[[ Extracted records, beginning ]]

(* Let $\rho_1\geq0$, $\rho_2>1$, and let $\{V_m\}_{m\in\mathbb{Z}}$ be a $(\rho_1,\rho_2)$-regular MRA of $L^2(\mathbb{R}^d)$ with scaling function $\phi\in\mathcal{S}^{\rho_1}_{\rho_2}(\mathbb{R}^d)$. Then the reproducing kernel $q_0(x,y)=\sum_{k\in\mathbb{Z}^d}\phi(x-k)\overline{\phi(y-k)}$ of $V_0$ satisfies: there exist constants $c>0$ and $h>0$ such that $$|\partial_x^\alpha\partial_y^\beta q_0(x,y)|\lesssim h^{|\alpha+\beta|}\alpha!^{\rho_1}\beta!^{\rho_1}e^{-c|x-y|^{1/\rho_2}},\qquad \alpha,\beta\in\mathbb{N}^d,\ x,y\in\mathbb{R}^d,$$ with implicit constant independent of $\alpha,\beta,x,y$.
   Context: For $\rho_1,\rho_2\geq 0$, $\mathcal{S}^{\rho_1}_{\rho_2}(\mathbb{R}^d)$ is the set of $\varphi\in\mathcal{S}(\mathbb{R}^d)$ for which there is $h>0$ with $\sup_{x,\alpha,\beta}\frac{h^{|\alpha+\beta|}}{\alpha!^{\rho_2}\beta!^{\rho_1}}|x^\alpha\partial^\beta\varphi(x)|<\infty$. A multiresolution approximation (MRA) is an increasing sequence $\{V_m\}_{m\in\mathbb{Z}}$ of closed subspaces of $L^2(\mathbb{R}^d)$ such that $\bigcap_m V_m=\{0\}$, $\bigcup_m V_m$ is dense, $f(x)\in V_m\iff f(2x)\in V_{m+1}$, $V_0$ is invariant under integer translations, and there is a scaling function $\phi$ with $\{\phi(x-n)\}_{n\in\mathbb{Z}^d}$ an orthonormal basis of $V_0$. It is $(\rho_1,\rho_2)$-regular if it has a scaling function $\phi\in\mathcal{S}^{\rho_1}_{\rho_2}(\mathbb{R}^d)$. *)

theory Defs
  imports "HOL-Analysis.Analysis"
begin

text \<open>Euclidean space R^d is rendered as real^'n for a finite index type 'n (d = CARD('n)).
 Multi-indices are functions 'n => nat. Functions are complex valued.\<close>

definition coord_list :: "'n::finite list" where
  "coord_list = (SOME xs. distinct xs \<and> set xs = UNIV)"

definition pdiff :: "'n::finite \<Rightarrow> (real^'n \<Rightarrow> complex) \<Rightarrow> real^'n \<Rightarrow> complex" where
  "pdiff i f x = vector_derivative (\<lambda>t. f (x + t *\<^sub>R axis i 1)) (at 0)"

definition Dmulti :: "('n::finite \<Rightarrow> nat) \<Rightarrow> (real^'n \<Rightarrow> complex) \<Rightarrow> real^'n \<Rightarrow> complex" where
  "Dmulti \<alpha> f = foldr (\<lambda>i g. (pdiff i ^^ \<alpha> i) g) coord_list f"

definition mi_abs :: "('n::finite \<Rightarrow> nat) \<Rightarrow> nat" where
  "mi_abs \<alpha> = (\<Sum>i\<in>UNIV. \<alpha> i)"

definition mi_fact :: "('n::finite \<Rightarrow> nat) \<Rightarrow> real" where
  "mi_fact \<alpha> = (\<Prod>i\<in>UNIV. fact (\<alpha> i))"

definition mi_pow :: "real^'n::finite \<Rightarrow> ('n \<Rightarrow> nat) \<Rightarrow> real" where
  "mi_pow x \<alpha> = (\<Prod>i\<in>UNIV. (x $ i) ^ \<alpha> i)"

definition smooth_fun :: "(real^'n::finite \<Rightarrow> complex) \<Rightarrow> bool" where
  "smooth_fun f \<longleftrightarrow> (\<forall>\<beta> x. Dmulti \<beta> f differentiable (at x))"

definition schwartz :: "(real^'n::finite \<Rightarrow> complex) set" where
  "schwartz = {f. smooth_fun f \<and>
      (\<forall>\<alpha> \<beta>. \<exists>B. \<forall>x. \<bar>mi_pow x \<alpha>\<bar> * cmod (Dmulti \<beta> f x) \<le> B)}"

definition GS :: "real \<Rightarrow> real \<Rightarrow> (real^'n::finite \<Rightarrow> complex) set" where
  "GS \<rho>1 \<rho>2 = {f. f \<in> schwartz \<and> (\<exists>h>0. \<exists>B. \<forall>x \<alpha> \<beta>.
      h ^ (mi_abs \<alpha> + mi_abs \<beta>) / (mi_fact \<alpha> powr \<rho>2 * mi_fact \<beta> powr \<rho>1)
        * (\<bar>mi_pow x \<alpha>\<bar> * cmod (Dmulti \<beta> f x)) \<le> B)}"

text \<open>L^2(R^d): measurable square-integrable functions (elements of L^2 are identified up to
 a.e. equality; subspaces below are required to be closed under a.e. modification).\<close>
definition L2 :: "(real^'n::finite \<Rightarrow> complex) set" where
  "L2 = {f. f \<in> borel_measurable lborel \<and> integrable lborel (\<lambda>x. (cmod (f x))\<^sup>2)}"

definition L2_inner :: "(real^'n::finite \<Rightarrow> complex) \<Rightarrow> (real^'n \<Rightarrow> complex) \<Rightarrow> complex" where
  "L2_inner f g = integral\<^sup>L lborel (\<lambda>x. f x * cnj (g x))"

definition L2_norm :: "(real^'n::finite \<Rightarrow> complex) \<Rightarrow> real" where
  "L2_norm f = sqrt (integral\<^sup>L lborel (\<lambda>x. (cmod (f x))\<^sup>2))"

definition closed_L2_subspace :: "(real^'n::finite \<Rightarrow> complex) set \<Rightarrow> bool" where
  "closed_L2_subspace V \<longleftrightarrow> V \<subseteq> L2 \<and> (\<lambda>x. 0) \<in> V \<and>
     (\<forall>f\<in>V. \<forall>g\<in>V. (\<lambda>x. f x + g x) \<in> V) \<and>
     (\<forall>f\<in>V. \<forall>c::complex. (\<lambda>x. c * f x) \<in> V) \<and>
     (\<forall>f\<in>V. \<forall>g\<in>L2. (AE x in lborel. f x = g x) \<longrightarrow> g \<in> V) \<and>
     (\<forall>F f. (\<forall>k. F k \<in> V) \<longrightarrow> f \<in> L2 \<longrightarrow>
        (\<lambda>k. L2_norm (\<lambda>x. F k x - f x)) \<longlonglongrightarrow> 0 \<longrightarrow> f \<in> V)"

definition integer_points :: "(real^'n::finite) set" where
  "integer_points = {k. \<forall>i. k $ i \<in> \<int>}"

[[ Extracted records, end ]]

→ Activity: From the first line through the last, give the data above again exactly.

→ Response to the exercise:
(* Let $\rho_1\geq0$, $\rho_2>1$, and let $\{V_m\}_{m\in\mathbb{Z}}$ be a $(\rho_1,\rho_2)$-regular MRA of $L^2(\mathbb{R}^d)$ with scaling function $\phi\in\mathcal{S}^{\rho_1}_{\rho_2}(\mathbb{R}^d)$. Then the reproducing kernel $q_0(x,y)=\sum_{k\in\mathbb{Z}^d}\phi(x-k)\overline{\phi(y-k)}$ of $V_0$ satisfies: there exist constants $c>0$ and $h>0$ such that $$|\partial_x^\alpha\partial_y^\beta q_0(x,y)|\lesssim h^{|\alpha+\beta|}\alpha!^{\rho_1}\beta!^{\rho_1}e^{-c|x-y|^{1/\rho_2}},\qquad \alpha,\beta\in\mathbb{N}^d,\ x,y\in\mathbb{R}^d,$$ with implicit constant independent of $\alpha,\beta,x,y$.
   Context: For $\rho_1,\rho_2\geq 0$, $\mathcal{S}^{\rho_1}_{\rho_2}(\mathbb{R}^d)$ is the set of $\varphi\in\mathcal{S}(\mathbb{R}^d)$ for which there is $h>0$ with $\sup_{x,\alpha,\beta}\frac{h^{|\alpha+\beta|}}{\alpha!^{\rho_2}\beta!^{\rho_1}}|x^\alpha\partial^\beta\varphi(x)|<\infty$. A multiresolution approximation (MRA) is an increasing sequence $\{V_m\}_{m\in\mathbb{Z}}$ of closed subspaces of $L^2(\mathbb{R}^d)$ such that $\bigcap_m V_m=\{0\}$, $\bigcup_m V_m$ is dense, $f(x)\in V_m\iff f(2x)\in V_{m+1}$, $V_0$ is invariant under integer translations, and there is a scaling function $\phi$ with $\{\phi(x-n)\}_{n\in\mathbb{Z}^d}$ an orthonormal basis of $V_0$. It is $(\rho_1,\rho_2)$-regular if it has a scaling function $\phi\in\mathcal{S}^{\rho_1}_{\rho_2}(\mathbb{R}^d)$. *)

theory Defs
  imports "HOL-Analysis.Analysis"
begin

text \<open>Euclidean space R^d is rendered as real^'n for a finite index type 'n (d = CARD('n)).
 Multi-indices are functions 'n => nat. Functions are complex valued.\<close>

definition coord_list :: "'n::finite list" where
  "coord_list = (SOME xs. distinct xs \<and> set xs = UNIV)"

definition pdiff :: "'n::finite \<Rightarrow> (real^'n \<Rightarrow> complex) \<Rightarrow> real^'n \<Rightarrow> complex" where
  "pdiff i f x = vector_derivative (\<lambda>t. f (x + t *\<^sub>R axis i 1)) (at 0)"

definition Dmulti :: "('n::finite \<Rightarrow> nat) \<Rightarrow> (real^'n \<Rightarrow> complex) \<Rightarrow> real^'n \<Rightarrow> complex" where
  "Dmulti \<alpha> f = foldr (\<lambda>i g. (pdiff i ^^ \<alpha> i) g) coord_list f"

definition mi_abs :: "('n::finite \<Rightarrow> nat) \<Rightarrow> nat" where
  "mi_abs \<alpha> = (\<Sum>i\<in>UNIV. \<alpha> i)"

definition mi_fact :: "('n::finite \<Rightarrow> nat) \<Rightarrow> real" where
  "mi_fact \<alpha> = (\<Prod>i\<in>UNIV. fact (\<alpha> i))"

definition mi_pow :: "real^'n::finite \<Rightarrow> ('n \<Rightarrow> nat) \<Rightarrow> real" where
  "mi_pow x \<alpha> = (\<Prod>i\<in>UNIV. (x $ i) ^ \<alpha> i)"

definition smooth_fun :: "(real^'n::finite \<Rightarrow> complex) \<Rightarrow> bool" where
  "smooth_fun f \<longleftrightarrow> (\<forall>\<beta> x. Dmulti \<beta> f differentiable (at x))"

definition schwartz :: "(real^'n::finite \<Rightarrow> complex) set" where
  "schwartz = {f. smooth_fun f \<and>
      (\<forall>\<alpha> \<beta>. \<exists>B. \<forall>x. \<bar>mi_pow x \<alpha>\<bar> * cmod (Dmulti \<beta> f x) \<le> B)}"

definition GS :: "real \<Rightarrow> real \<Rightarrow> (real^'n::finite \<Rightarrow> complex) set" where
  "GS \<rho>1 \<rho>2 = {f. f \<in> schwartz \<and> (\<exists>h>0. \<exists>B. \<forall>x \<alpha> \<beta>.
      h ^ (mi_abs \<alpha> + mi_abs \<beta>) / (mi_fact \<alpha> powr \<rho>2 * mi_fact \<beta> powr \<rho>1)
        * (\<bar>mi_pow x \<alpha>\<bar> * cmod (Dmulti \<beta> f x)) \<le> B)}"

text \<open>L^2(R^d): measurable square-integrable functions (elements of L^2 are identified up to
 a.e. equality; subspaces below are required to be closed under a.e. modification).\<close>
definition L2 :: "(real^'n::finite \<Rightarrow> complex) set" where
  "L2 = {f. f \<in> borel_measurable lborel \<and> integrable lborel (\<lambda>x. (cmod (f x))\<^sup>2)}"

definition L2_inner :: "(real^'n::finite \<Rightarrow> complex) \<Rightarrow> (real^'n \<Rightarrow> complex) \<Rightarrow> complex" where
  "L2_inner f g = integral\<^sup>L lborel (\<lambda>x. f x * cnj (g x))"

definition L2_norm :: "(real^'n::finite \<Rightarrow> complex) \<Rightarrow> real" where
  "L2_norm f = sqrt (integral\<^sup>L lborel (\<lambda>x. (cmod (f x))\<^sup>2))"

definition closed_L2_subspace :: "(real^'n::finite \<Rightarrow> complex) set \<Rightarrow> bool" where
  "closed_L2_subspace V \<longleftrightarrow> V \<subseteq> L2 \<and> (\<lambda>x. 0) \<in> V \<and>
     (\<forall>f\<in>V. \<forall>g\<in>V. (\<lambda>x. f x + g x) \<in> V) \<and>
     (\<forall>f\<in>V. \<forall>c::complex. (\<lambda>x. c * f x) \<in> V) \<and>
     (\<forall>f\<in>V. \<forall>g\<in>L2. (AE x in lborel. f x = g x) \<longrightarrow> g \<in> V) \<and>
     (\<forall>F f. (\<forall>k. F k \<in> V) \<longrightarrow> f \<in> L2 \<longrightarrow>
        (\<lambda>k. L2_norm (\<lambda>x. F k x - f x)) \<longlonglongrightarrow> 0 \<longrightarrow> f \<in> V)"

definition integer_points :: "(real^'n::finite) set" where
  "integer_points = {k. \<forall>i. k $ i \<in> \<int>}"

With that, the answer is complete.